- Date: 1–11 November 2024
- Location: Oman

Teams
- Netherlands: Oman / United Arab Emirates

Captains
- Scott Edwards: Jatinder Singh / Rahul Chopra

Most runs
- Bas de Leede (135): Jatinder Singh (130) / Rahul Chopra (121)

Most wickets
- Roelof van der Merwe (9): Shakeel Ahmed (13) / Ali Naseer (6) Junaid Siddique (6)
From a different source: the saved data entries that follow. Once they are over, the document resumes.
(* Fix any total budget $\mathrm{TB}\in\mathbb N_0$. For any number game $G$, the unique inverse of $G$ (up to equality of games) is $\bar G$; that is, $G+\bar G=0$, and if $G'$ is any game form with $G+G'=0$ then $G'=\bar G$.
   Context: Game forms are defined recursively: $G=\{G^{\mathcal L}\mid G^{\mathcal R}\}$ with finite sets of Left and Right options, and finite birthday. $0=\{\varnothing\mid\varnothing\}$. The conjugate is $\bar G=\{\overline{G^{\mathcal R}}\mid\overline{G^{\mathcal L}}\}$. The budget set for total budget $\mathrm{TB}$ is $\mathcal B=\{0,\dots,\mathrm{TB},\hat 0,\dots,\widehat{\mathrm{TB}}\}$: state $p$ (resp. $\hat p$) means Left holds $p$ dollars and Right holds $\mathrm{TB}-p$, and Right (resp. Left) holds the tie-breaking marker. Play of $(G,\tilde p)$: at every position (terminal ones included) both players bid simultaneously, Left $\ell\in\{0,\dots,p\}$, Right $r\in\{0,\dots,\mathrm{TB}-p\}$. If Left holds the marker (state $\hat p$): if $\ell>r$ Left moves to $(G^L,\widehat{p-\ell})$, or, including the marker (allowed when $\ell\ge r$), to $(G^L,p-\ell)$; if $\ell=r$ Left wins, the marker passes to Right, play continues at $(G^L,p-\ell)$; if $\ell<r$ Right moves to $(G^R,\widehat{p+r})$. Symmetrically when Right holds the marker (state $p$): if $r>\ell$ Right moves to $(G^R,p+r)$ or, including the marker, to $(G^R,\widehat{p+r})$; if $r=\ell$ Right wins, the marker passes to Left, play continues at $(G^R,\widehat{p+r})$; if $r<\ell$ Left moves to $(G^L,p-\ell)$. A player who wins a bid but has no option loses. $o(G,\tilde p)\in\{\mathrm L,\mathrm R\}$ is the winner under optimal play; $\mathrm L>\mathrm R$. Disjunctive sum $G+H=\{G^{\mathcal L}+H,G+H^{\mathcal L}\mid G^{\mathcal R}+H,G+H^{\mathcal R}\}$. $G\ge H$ means $o(G+X,\tilde p)\ge o(H+X,\tilde p)$ for all game forms $X$ and all $\tilde p\in\mathcal B$; $G=H$ means $G\ge H$ and $H\ge G$; $G>H$ means $G\ge H$ and not $H\ge G$. A game form $G$ is a number if all its options are numbers and $G^L<G<G^R$ for all $G^L\in G^{\mathcal L}$, $G^R\in G^{\mathcal R}$. An inverse of $G$ is a game form $G'$ with $G+G'=0$. *)

theory Defs
  imports "HOL-Library.FSet"
begin
lemma in_forest_iff: "in_forest n w F \<longleftrightarrow> F \<subseteq> arcs n w \<and> functional_forest F"
proof
  assume F: "in_forest n w F"
  then have "F \<subseteq> arcs n w" unfolding in_forest_def by (rule conjunct1)
  with in_forest_imp_functional_forest[OF F] show "F \<subseteq> arcs n w \<and> functional_forest F" by simp
qed (use functional_forest_imp_in_forest in blast)

lemma in_tree_rooted_at_iff:
  assumes sub: "F \<subseteq> arcs n w" and F: "functional_forest F"
  shows "in_tree_rooted_at n F i j \<longleftrightarrow> i < n \<and> tree_root F i = j"
proof -
  have fin: "finite F" using finite_if_subset_arcs[OF sub] .
  note sv = functional_forest_single_valued[OF F]
  show ?thesis
  proof
    assume "in_tree_rooted_at n F i j"
    then have "i < n" "(i, j) \<in> (F \<union> F\<inverse>)\<^sup>*" "j \<notin> Domain F"
      using outdeg_eq_0_iff[OF fin] unfolding in_tree_rooted_at_def weakly_conn_def by auto
    then show "i < n \<and> tree_root F i = j"
      using tree_root_weakly_connected[OF F] tree_root_sink[OF sv] by metis
  next
    assume i: "i < n \<and> tree_root F i = j"
    then have "(i, j) \<in> F\<^sup>*" "j \<notin> Domain F"
      using rtrancl_tree_root[OF F, of i] tree_root_not_Domain[OF F, of i] by auto
    moreover from this have "j < n" using rtrancl_arcs_less[OF sub] i by blast
    ultimately show "in_tree_rooted_at n F i j"
      using i rtrancl_mono[of F "F \<union> F\<inverse>"] outdeg_eq_0_iff[OF fin]
      unfolding in_tree_rooted_at_def weakly_conn_def by auto
  qed
qed

definition forests :: "nat \<Rightarrow> (nat \<Rightarrow> nat \<Rightarrow> real) \<Rightarrow> nat \<Rightarrow> (nat \<times> nat) set set" where
  "forests n w k = {F. F \<subseteq> arcs n w \<and> functional_forest F \<and> card F = k}"

definition forest_weight :: "nat \<Rightarrow> (nat \<Rightarrow> nat \<Rightarrow> real) \<Rightarrow> nat \<Rightarrow> real" where
  "forest_weight n w k = (\<Sum>F\<in>forests n w k. sg_weight w F)"

lemma finite_forests: "finite (forests n w k)"
  by (rule finite_subset[of _ "Pow (arcs n w)"]) (auto simp: forests_def finite_arcs)

lemma qk_eq_sum_forests:
  assumes "i < n"
  shows "qk n w k i j = (\<Sum>F\<in>forests n w k. sg_weight w F * of_bool (tree_root F i = j))"
proof -
  have "{F. in_forest n w F \<and> card F = k \<and> in_tree_rooted_at n F i j}
      = forests n w k \<inter> {F. tree_root F i = j}"
    using in_tree_rooted_at_iff assms by (auto simp: forests_def in_forest_iff)
  then show ?thesis unfolding qk_def by (simp add: finite_forests)
qed

section \<open>The recurrence for the forest matrices\<close>

lemma sg_weight_insert:
  "finite F \<Longrightarrow> (a, b) \<notin> F \<Longrightarrow> sg_weight w (insert (a, b) F) = w a b * sg_weight w F"
  unfolding sg_weight_def by simp

(* The summand of (L Q_k)_ij = sum_(m <> i) w_im (q^k_ij - q^k_mj) belonging to the in-forest F
   and the vertex m. *)
definition laplacian_forest_term ::
    "(nat \<Rightarrow> nat \<Rightarrow> real) \<Rightarrow> nat \<Rightarrow> nat \<Rightarrow> (nat \<times> nat) set \<Rightarrow> nat \<Rightarrow> real" where
  "laplacian_forest_term w i j F m =
     w i m * sg_weight w F * (of_bool (tree_root F i = j) - of_bool (tree_root F m = j))"

(* The pairs (F, m) whose summand can be nonzero: either i is a root of F and adding the arc
   i -> m keeps a forest, or i has an arc to its parent and moving it to m changes the root of i. *)
definition attach_pairs :: "nat \<Rightarrow> (nat \<Rightarrow> nat \<Rightarrow> real) \<Rightarrow> nat \<Rightarrow> nat \<Rightarrow> ((nat \<times> nat) set \<times> nat) set" where
  "attach_pairs n w k i = {(F, m) \<in> forests n w k \<times> ({0..<n} - {i}).
     w i m > 0 \<and> i \<notin> Domain F \<and> tree_root F m \<noteq> i}"

definition rehang_pairs :: "nat \<Rightarrow> (nat \<Rightarrow> nat \<Rightarrow> real) \<Rightarrow> nat \<Rightarrow> nat \<Rightarrow> ((nat \<times> nat) set \<times> nat) set" where
  "rehang_pairs n w k i = {(F, m) \<in> forests n w k \<times> ({0..<n} - {i}).
     w i m > 0 \<and> i \<in> Domain F \<and> tree_root F m \<noteq> tree_root F i}"

lemma laplacian_qk_eq_sum_forest_terms:
  assumes "i < n"
  shows "(\<Sum>m\<in>{0..<n} - {i}. w i m * (qk n w k i j - qk n w k m j))
       = (\<Sum>(F, m)\<in>forests n w k \<times> ({0..<n} - {i}). laplacian_forest_term w i j F m)"
proof -
  have "qk n w k i j - qk n w k m j
      = (\<Sum>F\<in>forests n w k. sg_weight w F * (of_bool (tree_root F i = j) - of_bool (tree_root F m = j)))"
    if "m < n" for m
    using assms that
    by (simp only: qk_eq_sum_forests sum_subtractf[symmetric] right_diff_distrib)
  then show ?thesis
    unfolding sum.cartesian_product[symmetric] laplacian_forest_term_def
    by (subst sum.swap) (simp add: sum_distrib_left mult.assoc)
qed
= 2024 Oman Tri-Nation Series =

Eighth tri-nation series round in 2024-26 WCL2

The 2024 Oman Tri-Nation Series was the eighth round of the 2024–2026 Cricket World Cup League 2 cricket tournament that took place in Oman in November 2024. The tri-nation series was contested by the men's national teams of Netherlands, Oman and United Arab Emirates. The matches were played as One Day International (ODI) fixtures.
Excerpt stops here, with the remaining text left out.